A 31 years old women underwent amniocentesis because of increased risk for Down syndrome on biochemical screen. Her previous pregnancy ended in a spontaneous abortion.

The Karyotype was 46, XY/47, XY, +21, inv(9) with a mosaicism rate of 45%. The husband, which was known to have oligo-terato-asteno-spermia on semen analysis, had a karyotype 46, XY, inv(9)(q11; 13)9qh+.

Mono and dual color FISH was applied to his sperm as well as to sperm of normal controls, using centromer probes for 8, 9, 18, 21, X and Y.

In this man with inv9 and 9qh+ the rate of disomy was significantly higher then in normal controls for all probes tested (p<0.001).

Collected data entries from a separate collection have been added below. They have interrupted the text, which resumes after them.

(* Let $S$ be a nonempty set of places of $\mathbb{Q}$, let $F$ be a number field, and let $T=M_F(S)$. Then the restriction map $\rho:\mathcal J^*(\mathbb{Q},S)\to\mathcal J^*(F,T)$, $\rho(c)=c|_{\mathcal J(F,T)}$, is a vector space isomorphism.
   Context: All fields lie in a fixed algebraic closure $\overline{\mathbb{Q}}$. For a number field $F$, a nonempty set $S$ of places of $F$, and a finite extension $K$ of $F$, $M_K(S)$ denotes the set of places of $K$ dividing a place in $S$. Define $\mathcal J(F,S)=\{(K,v): K\supseteq F,\ [K:F]<\infty,\ v\in M_K(S)\}$. A map $c:\mathcal J(F,S)\to\mathbb{R}$ is consistent if $c(K,v)=\sum_{w\mid v}c(L,w)$ for all $(K,v)\in\mathcal J(F,S)$ and all finite extensions $L/K$, the sum running over places $w$ of $L$ dividing $v$. $\mathcal J^*(F,S)$ is the real vector space of consistent maps $\mathcal J(F,S)\to\mathbb{R}$ under pointwise addition and scalar multiplication. *)

theory Defs
  imports Complex_Main
begin

text \<open>The fixed algebraic closure of Q is realised inside the complex numbers: all
fields are subfields of the complex numbers, and finite extensions of Q inside the
complex numbers are exactly the number fields contained in the algebraic closure.\<close>

definition subfield :: "complex set \<Rightarrow> bool" where
  "subfield K \<longleftrightarrow> 0 \<in> K \<and> 1 \<in> K \<and> (\<forall>x\<in>K. \<forall>y\<in>K. x + y \<in> K \<and> x - y \<in> K \<and> x * y \<in> K)
     \<and> (\<forall>x\<in>K. x \<noteq> 0 \<longrightarrow> inverse x \<in> K)"

definition finite_ext :: "complex set \<Rightarrow> complex set \<Rightarrow> bool" where
  "finite_ext K L \<longleftrightarrow> subfield K \<and> subfield L \<and> K \<subseteq> L \<and>
     (\<exists>B. finite B \<and> B \<subseteq> L \<and> L \<subseteq> {\<Sum>b\<in>B. a b * b | a. \<forall>b\<in>B. a b \<in> K})"

definition number_field :: "complex set \<Rightarrow> bool" where
  "number_field F \<longleftrightarrow> finite_ext \<rat> F"

text \<open>Nontrivial absolute values on K (taken to be 0 outside K, so that they are
determined by their values on K).\<close>
definition abs_val :: "complex set \<Rightarrow> (complex \<Rightarrow> real) \<Rightarrow> bool" where
  "abs_val K f \<longleftrightarrow>
     (\<forall>x. x \<notin> K \<longrightarrow> f x = 0) \<and>
     (\<forall>x\<in>K. f x \<ge> 0 \<and> (f x = 0 \<longleftrightarrow> x = 0)) \<and>
     (\<forall>x\<in>K. \<forall>y\<in>K. f (x * y) = f x * f y) \<and>
     (\<forall>x\<in>K. \<forall>y\<in>K. f (x + y) \<le> f x + f y) \<and>
     (\<exists>x\<in>K. x \<noteq> 0 \<and> f x \<noteq> 1)"

definition place_of :: "complex set \<Rightarrow> (complex \<Rightarrow> real) \<Rightarrow> (complex \<Rightarrow> real) set" where
  "place_of K f = {g. abs_val K g \<and> (\<exists>t>0. \<forall>x\<in>K. g x = f x powr t)}"

definition places :: "complex set \<Rightarrow> (complex \<Rightarrow> real) set set" where
  "places K = {place_of K f | f. abs_val K f}"

definition place_divides :: "complex set \<Rightarrow> (complex \<Rightarrow> real) set \<Rightarrow> (complex \<Rightarrow> real) set \<Rightarrow> bool" where
  "place_divides K w v \<longleftrightarrow> (\<exists>g\<in>w. (\<lambda>x. if x \<in> K then g x else 0) \<in> v)"

definition M :: "complex set \<Rightarrow> complex set \<Rightarrow> (complex \<Rightarrow> real) set set \<Rightarrow> (complex \<Rightarrow> real) set set" where
  "M F K S = {w \<in> places K. \<exists>v\<in>S. place_divides F w v}"

definition JJ :: "complex set \<Rightarrow> (complex \<Rightarrow> real) set set \<Rightarrow> (complex set \<times> (complex \<Rightarrow> real) set) set" where
  "JJ F S = {(K, v). finite_ext F K \<and> v \<in> M F K S}"

text \<open>Consistent maps J(F,S) -> R, represented as functions on all pairs that vanish
outside J(F,S) (so pointwise operations give the vector space structure).\<close>
definition consistent :: "complex set \<Rightarrow> (complex \<Rightarrow> real) set set \<Rightarrow> (complex set \<times> (complex \<Rightarrow> real) set \<Rightarrow> real) \<Rightarrow> bool" where
  "consistent F S c \<longleftrightarrow>
     (\<forall>K v L. (K, v) \<in> JJ F S \<and> finite_ext K L \<longrightarrow>
        c (K, v) = (\<Sum>w\<in>{w \<in> places L. place_divides K w v}. c (L, w)))"

definition Jstar :: "complex set \<Rightarrow> (complex \<Rightarrow> real) set set \<Rightarrow> (complex set \<times> (complex \<Rightarrow> real) set \<Rightarrow> real) set" where
  "Jstar F S = {c. consistent F S c \<and> (\<forall>p. p \<notin> JJ F S \<longrightarrow> c p = 0)}"

definition restr :: "complex set \<Rightarrow> (complex \<Rightarrow> real) set set \<Rightarrow> (complex set \<times> (complex \<Rightarrow> real) set \<Rightarrow> real) \<Rightarrow> (complex set \<times> (complex \<Rightarrow> real) set \<Rightarrow> real)" where
  "restr F T c = (\<lambda>p. if p \<in> JJ F T then c p else 0)"

end

theory Submission
  imports Defs
begin

text \<open>Every \<open>(K, v)\<close> in \<open>J(\<rat>, S)\<close> lies below the pairs \<open>(FK, w)\<close>, \<open>w | v\<close>, of \<open>J(F, T)\<close>,
  where \<open>FK\<close> is the compositum. Consistency along \<open>K \<subseteq> FK\<close> expresses \<open>c(K, v)\<close> through
  the restriction of \<open>c\<close>, so restriction is injective; conversely the same formula turns a
  consistent map on \<open>J(F, T)\<close> into a consistent map on \<open>J(\<rat>, S)\<close>, since for \<open>K \<subseteq> L\<close> both
  sides can be computed in \<open>FL\<close> and the places of \<open>FL\<close> above \<open>v\<close> are partitioned according
  to the intermediate places. All sums are finite: the approximation theorem turns
  representatives of distinct places above \<open>v\<close> into diagonally dominant elements, which
  are linearly independent over \<open>K\<close>, so there are at most \<open>[L : K]\<close> of them.\<close>

section \<open>Subfields\<close>

lemma subfield_zero: "subfield K \<Longrightarrow> 0 \<in> K"
  and subfield_one: "subfield K \<Longrightarrow> 1 \<in> K"
  and subfield_add: "subfield K \<Longrightarrow> x \<in> K \<Longrightarrow> y \<in> K \<Longrightarrow> x + y \<in> K"
  and subfield_diff: "subfield K \<Longrightarrow> x \<in> K \<Longrightarrow> y \<in> K \<Longrightarrow> x - y \<in> K"
  and subfield_mult: "subfield K \<Longrightarrow> x \<in> K \<Longrightarrow> y \<in> K \<Longrightarrow> x * y \<in> K"
  by (simp_all add: subfield_def)

lemma subfield_inverse: "subfield K \<Longrightarrow> x \<in> K \<Longrightarrow> inverse x \<in> K"
  by (cases "x = 0") (auto simp: subfield_def)

lemma subfield_uminus: "subfield K \<Longrightarrow> x \<in> K \<Longrightarrow> - x \<in> K"
  using subfield_diff[of K 0 x] subfield_zero by simp

lemma subfield_divide: "subfield K \<Longrightarrow> x \<in> K \<Longrightarrow> y \<in> K \<Longrightarrow> x / y \<in> K"
  by (simp add: divide_inverse subfield_mult subfield_inverse)

lemma subfield_power: "subfield K \<Longrightarrow> x \<in> K \<Longrightarrow> x ^ n \<in> K"
  by (induction n) (auto simp: subfield_one subfield_mult)

lemma subfield_power_int: "subfield K \<Longrightarrow> x \<in> K \<Longrightarrow> x powi n \<in> K"
  by (simp add: power_int_def subfield_power subfield_inverse)

lemma subfield_sum: "subfield K \<Longrightarrow> (\<And>i. i \<in> I \<Longrightarrow> f i \<in> K) \<Longrightarrow> sum f I \<in> K"
  by (induction I rule: infinite_finite_induct) (auto simp: subfield_zero subfield_add)

lemma subfield_of_nat: "subfield K \<Longrightarrow> of_nat n \<in> K"
  by (induction n) (auto simp: subfield_zero subfield_one subfield_add)

lemma subfield_of_int:
  assumes "subfield K"
  shows "of_int n \<in> K"
proof (cases "n \<ge> 0")
  case True
  then show ?thesis
    using subfield_of_nat[OF assms, of "nat n"] by simp
next
  case False
  then have "of_int n = - (of_nat (nat (- n)) :: complex)"
    by simp
  then show ?thesis
    using subfield_uminus[OF assms subfield_of_nat[OF assms]] by simp
qed

lemma Rats_subset_subfield: "subfield K \<Longrightarrow> \<rat> \<subseteq> K"
  by (metis Rats_cases' subfield_divide subfield_of_int subsetI)

lemma subfield_Rats: "subfield \<rat>"
  unfolding subfield_def by auto

lemma subfield_Inter:
  assumes "\<And>Z. Z \<in> A \<Longrightarrow> subfield Z"
  shows "subfield (\<Inter>A)"
  unfolding subfield_def
  using assms subfield_zero subfield_one subfield_add subfield_diff subfield_mult subfield_inverse
  by (meson InterD InterI)

section \<open>Finite extensions\<close>

definition span_over :: "complex set \<Rightarrow> complex set \<Rightarrow> complex set" where
  "span_over K B = {\<Sum>b\<in>B. a b * b | a. \<forall>b\<in>B. a b \<in> K}"

lemma finite_ext_iff_span_over:
  "finite_ext K L \<longleftrightarrow> subfield K \<and> subfield L \<and> K \<subseteq> L \<and>
     (\<exists>B. finite B \<and> B \<subseteq> L \<and> L \<subseteq> span_over K B)"
  unfolding finite_ext_def span_over_def by simp

lemma finite_ext_imp_subfields: "finite_ext K L \<Longrightarrow> subfield K \<and> subfield L \<and> K \<subseteq> L"
  unfolding finite_ext_def by blast

lemma span_over_zero: "subfield K \<Longrightarrow> 0 \<in> span_over K B"
  unfolding span_over_def by (auto intro!: exI[of _ "\<lambda>_. 0"] simp: subfield_zero)

lemma span_over_add:
  assumes "subfield K" "x \<in> span_over K B" "y \<in> span_over K B"
  shows "x + y \<in> span_over K B"
proof -
  obtain a a' where "x = (\<Sum>b\<in>B. a b * b)" "\<forall>b\<in>B. a b \<in> K"
    and "y = (\<Sum>b\<in>B. a' b * b)" "\<forall>b\<in>B. a' b \<in> K"
    using assms(2,3) unfolding span_over_def by blast
  with assms(1) show ?thesis
    unfolding span_over_def
    by (auto intro!: exI[of _ "\<lambda>b. a b + a' b"] simp: sum.distrib distrib_right subfield_add)
qed

lemma span_over_scale:
  assumes "subfield K" "k \<in> K" "x \<in> span_over K B"
  shows "k * x \<in> span_over K B"
proof -
  obtain a where "x = (\<Sum>b\<in>B. a b * b)" "\<forall>b\<in>B. a b \<in> K"
    using assms(3) unfolding span_over_def by blast
  with assms(1,2) show ?thesis
    unfolding span_over_def
    by (auto intro!: exI[of _ "\<lambda>b. k * a b"] simp: sum_distrib_left mult.assoc subfield_mult)
qed

lemma span_over_sum:
  "subfield K \<Longrightarrow> (\<And>i. i \<in> I \<Longrightarrow> f i \<in> span_over K B) \<Longrightarrow> sum f I \<in> span_over K B"
  by (induction I rule: infinite_finite_induct) (auto simp: span_over_zero span_over_add)

lemma span_over_generator:
  assumes "finite B" "subfield K" "c \<in> B"
  shows "c \<in> span_over K B"
proof -
  have "(\<Sum>b\<in>B. (if b = c then 1 else 0) * b) = (\<Sum>b\<in>B. if b = c then b else 0)"
    by (rule sum.cong) auto
  then have "c = (\<Sum>b\<in>B. (if b = c then 1 else 0) * b)"
    using assms(1,3) by simp
  then show ?thesis
    unfolding span_over_def using assms(2) by (auto simp: subfield_zero subfield_one)
qed

lemma span_over_mono: "K \<subseteq> K' \<Longrightarrow> span_over K B \<subseteq> span_over K' B"
  unfolding span_over_def by blast

lemma span_over_mult_right:
  assumes K: "subfield K" and y: "y \<in> span_over K B"
    and gen: "\<And>b. b \<in> B \<Longrightarrow> b * c \<in> span_over K D"
  shows "y * c \<in> span_over K D"
proof -
  obtain a where a: "y = (\<Sum>b\<in>B. a b * b)" "\<forall>b\<in>B. a b \<in> K"
    using y unfolding span_over_def by blast
  have "y * c = (\<Sum>b\<in>B. a b * (b * c))"
    unfolding a(1) by (simp add: sum_distrib_right mult.assoc)
  also have "\<dots> \<in> span_over K D"
    using a(2) by (intro span_over_sum[OF K] span_over_scale[OF K] gen) auto
  finally show ?thesis .
qed
(* Let $\epsilon>0$ and let $G=(S,B,E)$ be a bipartite graph with weights $w:S\to\mathbb{R}_+$ and a fixed arrival order of $B$. For $y\in[0,1]^S$ let $f(y)$ be the total weight $w(M)$ of the matching $M$ produced by $\epsilon$-\textsc{Ranking} on $G$ with samples $x_j=y_j$. Let $x\in[0,1]^S$, $j^\star\in S$ and $\theta\in[0,1]$ be arbitrary, and define $x'$ by $x'_{j^\star}=\theta$ and $x'_j=x_j$ for $j\neq j^\star$. Then \[ |f(x)-f(x')|\le\left(1+\frac{2}{\epsilon}\right)w_{j^\star}. \]
   Context: Buyers $B$ arrive one at a time in the fixed order, each revealing its neighborhood $N(i)\subseteq S$. $\epsilon$-\textsc{Ranking} with samples $x\in[0,1]^S$: when buyer $i$ arrives, match $i$ to an unmatched $j\in N(i)$ maximizing $w_j(1-e^{x_j-1-\epsilon})$ (leave $i$ unmatched if none exists), with ties broken according to a fixed total order on $S$. $w(M)=\sum_{\{i,j\}\in M}w_j$ where $j\in S$. *)

theory Defs
  imports Complex_Main
begin

definition eps_score :: "('s \<Rightarrow> real) \<Rightarrow> real \<Rightarrow> ('s \<Rightarrow> real) \<Rightarrow> 's \<Rightarrow> real" where
  "eps_score w eps x j = w j * (1 - exp (x j - 1 - eps))"

text \<open>The chosen item among candidate set C: maximal score, ties broken by the
  fixed total order on S given by an injective rank function tb (smaller rank first).\<close>
definition eps_pick :: "('s \<Rightarrow> real) \<Rightarrow> real \<Rightarrow> ('s \<Rightarrow> real) \<Rightarrow> ('s \<Rightarrow> nat) \<Rightarrow> 's set \<Rightarrow> 's" where
  "eps_pick w eps x tb C = (THE j. j \<in> C \<and> (\<forall>k\<in>C. eps_score w eps x k < eps_score w eps x j
        \<or> (eps_score w eps x k = eps_score w eps x j \<and> tb j \<le> tb k)))"

fun eps_ranking_run :: "('b \<Rightarrow> 's set) \<Rightarrow> ('s \<Rightarrow> real) \<Rightarrow> real \<Rightarrow> ('s \<Rightarrow> nat) \<Rightarrow> ('s \<Rightarrow> real)
    \<Rightarrow> 'b list \<Rightarrow> ('b \<times> 's) set \<Rightarrow> ('b \<times> 's) set" where
  "eps_ranking_run N w eps tb x [] M = M"
| "eps_ranking_run N w eps tb x (i # bs) M =
     (let C = {j \<in> N i. j \<notin> snd ` M} in
      if C = {} then eps_ranking_run N w eps tb x bs M
      else eps_ranking_run N w eps tb x bs (insert (i, eps_pick w eps x tb C) M))"

definition eps_ranking :: "('b \<Rightarrow> 's set) \<Rightarrow> ('s \<Rightarrow> real) \<Rightarrow> real \<Rightarrow> ('s \<Rightarrow> nat) \<Rightarrow> 'b list
    \<Rightarrow> ('s \<Rightarrow> real) \<Rightarrow> ('b \<times> 's) set" where
  "eps_ranking N w eps tb bs x = eps_ranking_run N w eps tb x bs {}"

definition match_weight :: "('s \<Rightarrow> real) \<Rightarrow> ('b \<times> 's) set \<Rightarrow> real" where
  "match_weight w M = (\<Sum>(i, j)\<in>M. w j)"

end

theory Submission
  imports Defs "HOL-Library.Product_Lexorder"
begin

text \<open>
  Let D be the run of \<open>\<epsilon>\<close>-Ranking in which \<open>j\<^sup>\<star>\<close> is matched before any buyer arrives; D does
  not depend on the sample of \<open>j\<^sup>\<star>\<close>. Compare, for fixed samples, the run from the empty
  matching with D. Buyer by buyer, the two sets of matched items either coincide, or D has
  exactly one extra item a whose score is at most the score of \<open>j\<^sup>\<star>\<close>: initially a is \<open>j\<^sup>\<star>\<close>,
  and when the first run takes a, D takes its next best item instead, which becomes the new a.
  Since the score of an item j lies between \<open>w\<^sub>j (1 - e\<^sup>-\<^sup>\<epsilon>)\<close> and \<open>w\<^sub>j\<close>, this gives
  \<open>w\<^sub>a \<le> (1 + 1/\<epsilon>) w\<^sub>j\<^sub>\<star>\<close>. Hence both f(x) and f(x') lie in the interval
  \<open>[w(D) - (1 + 1/\<epsilon>) w\<^sub>j\<^sub>\<star>, w(D)]\<close>.
\<close>

definition pick_key ::
    "('s \<Rightarrow> real) \<Rightarrow> real \<Rightarrow> ('s \<Rightarrow> real) \<Rightarrow> ('s \<Rightarrow> nat) \<Rightarrow> 's \<Rightarrow> real \<times> int" where
  "pick_key w eps x tb j = (eps_score w eps x j, - int (tb j))"

lemma inj_on_pick_key: "inj_on tb C \<Longrightarrow> inj_on (pick_key w eps x tb) C"
  by (auto simp: pick_key_def inj_on_def)

lemma pick_key_le_iff:
  "pick_key w eps x tb k \<le> pick_key w eps x tb j \<longleftrightarrow>
     eps_score w eps x k < eps_score w eps x j
     \<or> (eps_score w eps x k = eps_score w eps x j \<and> tb j \<le> tb k)"
  by (auto simp: pick_key_def)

These findings represent interference in the first meiotic division. The disomy in this man's sperm can be explained by the difference in length of the hetrochromatic region in the two 9 chromosomes. This difference leads to incomplete pairing of chromosomes 9 and may be of the other chromosomes and to disturbance in the meiotic division especially meiosis I.

We assume that the 21 mosaicism might have occurred in the same mechanism.